YOUR ASSIGNMENT
What is needed here is every line of the records that includes "assms".

Saved entries
------------------------------

section \<open>Splitting on a literal\<close>

lemma min_unsat_inj_on_remove_comp:
  assumes "min_unsat S"
  shows "inj_on (\<lambda>C. C - {comp x}) {C \<in> S. x \<notin> C}"
proof (rule inj_onI)
  fix C D assume C: "C \<in> {C \<in> S. x \<notin> C}" and D: "D \<in> {C \<in> S. x \<notin> C}"
    and eq: "C - {comp x} = D - {comp x}"
  have "C \<subseteq> D \<or> D \<subseteq> C"
    using eq by (cases "comp x \<in> C") blast+
  then show "C = D"
    using min_unsat_subset_clause_eq[OF assms] C D by blast
qed

lemma card_assign:
  assumes "min_unsat S"
  shows "card (assign x S) = card S - ld S x"
proof -
  have "finite S"
    using min_unsat_is_clause_set[OF assms] unfolding is_clause_set_def by blast
  have "{C \<in> S. x \<notin> C} = S - {C \<in> S. x \<in> C}"
    by blast
  then have "card {C \<in> S. x \<notin> C} = card S - ld S x"
    unfolding ld_def using \<open>finite S\<close> by (simp add: card_Diff_subset)
  then show ?thesis
    unfolding assign_def using card_image[OF min_unsat_inj_on_remove_comp[OF assms]] by simp
qed

lemma vars_assign_subset: "vars (assign x S) \<subseteq> vars S - {var x}"
proof
  fix w assume "w \<in> vars (assign x S)"
  then obtain C z where C: "C \<in> S" "x \<notin> C" "z \<in> C" "z \<noteq> comp x" "var z = w"
    unfolding vars_def assign_def by blast
  then have "z \<noteq> x"
    by blast
  then have "w \<noteq> var x"
    using var_eq_cases[of z x] C(4,5) by blast
  moreover have "w \<in> vars S"
    using var_in_vars[OF C(3,1)] C(5) by simp
  ultimately show "w \<in> vars S - {var x}"
    by blast
qed

lemma saturated_models_remove_lit_true:
  assumes sat: "saturated S" and x: "var x \<in> vars S" and D: "D \<in> S" "x \<notin> D"
  shows "\<exists>\<alpha>. models \<alpha> (S - {D}) \<and> lit_true \<alpha> x"
proof (cases "comp x \<in> D")
  case True
  have "min_unsat S"
    using sat unfolding saturated_def by blast
  then obtain \<alpha> where \<alpha>: "models \<alpha> (S - {D})" "\<forall>z\<in>D. \<not> lit_true \<alpha> z"
    using min_unsat_models_remove D(1) by blast
  then have "\<not> lit_true \<alpha> (comp x)"
    using True by blast
  then show ?thesis
    using \<alpha> by auto
next
  case False
  have "var x \<notin> var ` D"
  proof
    assume "var x \<in> var ` D"
    then obtain z where "z \<in> D" "var z = var x"
      by auto
    then show False
      using var_eq_cases[of z x] D(2) False by blast
  qed
  then show ?thesis
    using sat D(1) x unfolding saturated_def by blast
qed

lemma saturated_min_unsat_assign:
  assumes sat: "saturated S" and x: "var x \<in> vars S"
  shows "min_unsat (assign x S)"
proof (rule min_unsatI)
  have mu: "min_unsat S"
    using sat unfolding saturated_def by blast
  then show "is_clause_set (assign x S)"
    using is_clause_set_assign min_unsat_is_clause_set by blast
  show "\<not> models \<alpha> (assign x S)" for \<alpha>
  proof
    assume "models \<alpha> (assign x S)"
    from models_assign[OF this] show False
      by (rule notE[OF min_unsat_not_models[OF mu]])
  qed
  fix D' assume "D' \<in> assign x S"
  then obtain D where D: "D \<in> S" "x \<notin> D" "D' = D - {comp x}"
    unfolding assign_def by blast
  then obtain \<alpha> where \<alpha>: "models \<alpha> (S - {D})" "lit_true \<alpha> x"
    using saturated_models_remove_lit_true[OF sat x] by blast
  have "models \<alpha> (assign x S - {D'})"
    unfolding models_def
  proof
    fix E' assume "E' \<in> assign x S - {D'}"
    then obtain E where E: "E \<in> S" "E' = E - {comp x}" "E \<noteq> D"
      unfolding assign_def using D(3) by blast
    then obtain z where z: "z \<in> E" "lit_true \<alpha> z"
      using \<alpha>(1) unfolding models_def by blast
    moreover have "z \<noteq> comp x"
      using z(2) \<alpha>(2) by auto
    ultimately show "\<exists>z\<in>E'. lit_true \<alpha> z"
      using E(2) by blast
  qed
  then show "\<exists>\<alpha>. models \<alpha> (assign x S - {D'})"
    by blast
qed

lemma ld_le_card: "finite S \<Longrightarrow> ld S x \<le> card S"
  unfolding ld_def by (intro card_mono) auto

lemma vdeg_var: "vdeg S (var x) = ld S x + ld S (comp x)"
  unfolding vdeg_def by (cases x) auto

lemma vdeg_eq_card_occurrences:
  assumes "is_clause_set S"
  shows "vdeg S w = card {C \<in> S. w \<in> var ` C}"
proof -
  have "finite S"
    using assms unfolding is_clause_set_def by blast
  have "{C \<in> S. w \<in> var ` C} = {C \<in> S. Pos w \<in> C} \<union> {C \<in> S. Neg w \<in> C}"
    by (auto simp: var_in_image_iff)
  moreover have "Neg w \<notin> C" if "C \<in> S" "Pos w \<in> C" for C
    using is_clause_comp_notin[of C "Pos w"] assms that unfolding is_clause_set_def by simp
  then have "{C \<in> S. Pos w \<in> C} \<inter> {C \<in> S. Neg w \<in> C} = {}"
    by blast
  ultimately show ?thesis
    unfolding vdeg_def ld_def using \<open>finite S\<close> by (simp add: card_Un_disjoint)
qed

lemma vdeg_eq_0:
  assumes "w \<notin> vars S"
  shows "vdeg S w = 0"
proof -
  have none: "{C \<in> S. Pos w \<in> C} = {}" "{C \<in> S. Neg w \<in> C} = {}"
    using var_in_vars[of "Pos w" _ S] var_in_vars[of "Neg w" _ S] assms by auto
  show ?thesis
    unfolding vdeg_def ld_def none by simp
qed

text \<open>Every occurrence of \<open>w\<close> either lies in a clause containing \<open>x\<close> or survives the assignment.\<close>
lemma vdeg_le_vdeg_assign:
  assumes mu: "min_unsat S" and w: "w \<noteq> var x"
  shows "vdeg S w \<le> vdeg (assign x S) w + ld S x"
proof -
  let ?occ = "\<lambda>T. {C \<in> T. w \<in> var ` C}" and ?K = "{C \<in> S. x \<notin> C}"
  have cs: "is_clause_set S"
    using min_unsat_is_clause_set[OF mu] .
  then have fin: "finite S"
    unfolding is_clause_set_def by blast
  have "card (?occ S) \<le> card ({C \<in> S. x \<in> C} \<union> (?occ S \<inter> ?K))"
    using fin by (intro card_mono) auto
  also have "\<dots> \<le> ld S x + card (?occ S \<inter> ?K)"
    unfolding ld_def by (rule card_Un_le)
  also have "card (?occ S \<inter> ?K) \<le> card (?occ (assign x S))"
  proof (rule card_inj_on_le)
    show "inj_on (\<lambda>C. C - {comp x}) (?occ S \<inter> ?K)"
      using min_unsat_inj_on_remove_comp[OF mu] by (rule inj_on_subset) blast
    show "(\<lambda>C. C - {comp x}) ` (?occ S \<inter> ?K) \<subseteq> ?occ (assign x S)"
    proof
      fix D assume "D \<in> (\<lambda>C. C - {comp x}) ` (?occ S \<inter> ?K)"
      then obtain C z where C: "C \<in> S" "x \<notin> C" "D = C - {comp x}" "z \<in> C" "var z = w"
        by blast
      then have "z \<in> D"
        using w by auto
      moreover have "D \<in> assign x S"
        unfolding assign_def using C(1-3) by blast
      ultimately show "D \<in> ?occ (assign x S)"
        using C(5) by blast
    qed
    show "finite (?occ (assign x S))"
      using is_clause_set_assign[OF cs] unfolding is_clause_set_def by simp
  qed
  finally show ?thesis
    using vdeg_eq_card_occurrences[OF cs] vdeg_eq_card_occurrences[OF is_clause_set_assign[OF cs]]
    by simp
qed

------------------------------

TASK OUTPUT
    using min_unsat_subset_clause_eq[OF assms] C D by blast
    using min_unsat_is_clause_set[OF assms] unfolding is_clause_set_def by blast
    unfolding assign_def using card_image[OF min_unsat_inj_on_remove_comp[OF assms]] by simp
    using assms unfolding is_clause_set_def by blast
    using is_clause_comp_notin[of C "Pos w"] assms that unfolding is_clause_set_def by simp
    using var_in_vars[of "Pos w" _ S] var_in_vars[of "Neg w" _ S] assms by auto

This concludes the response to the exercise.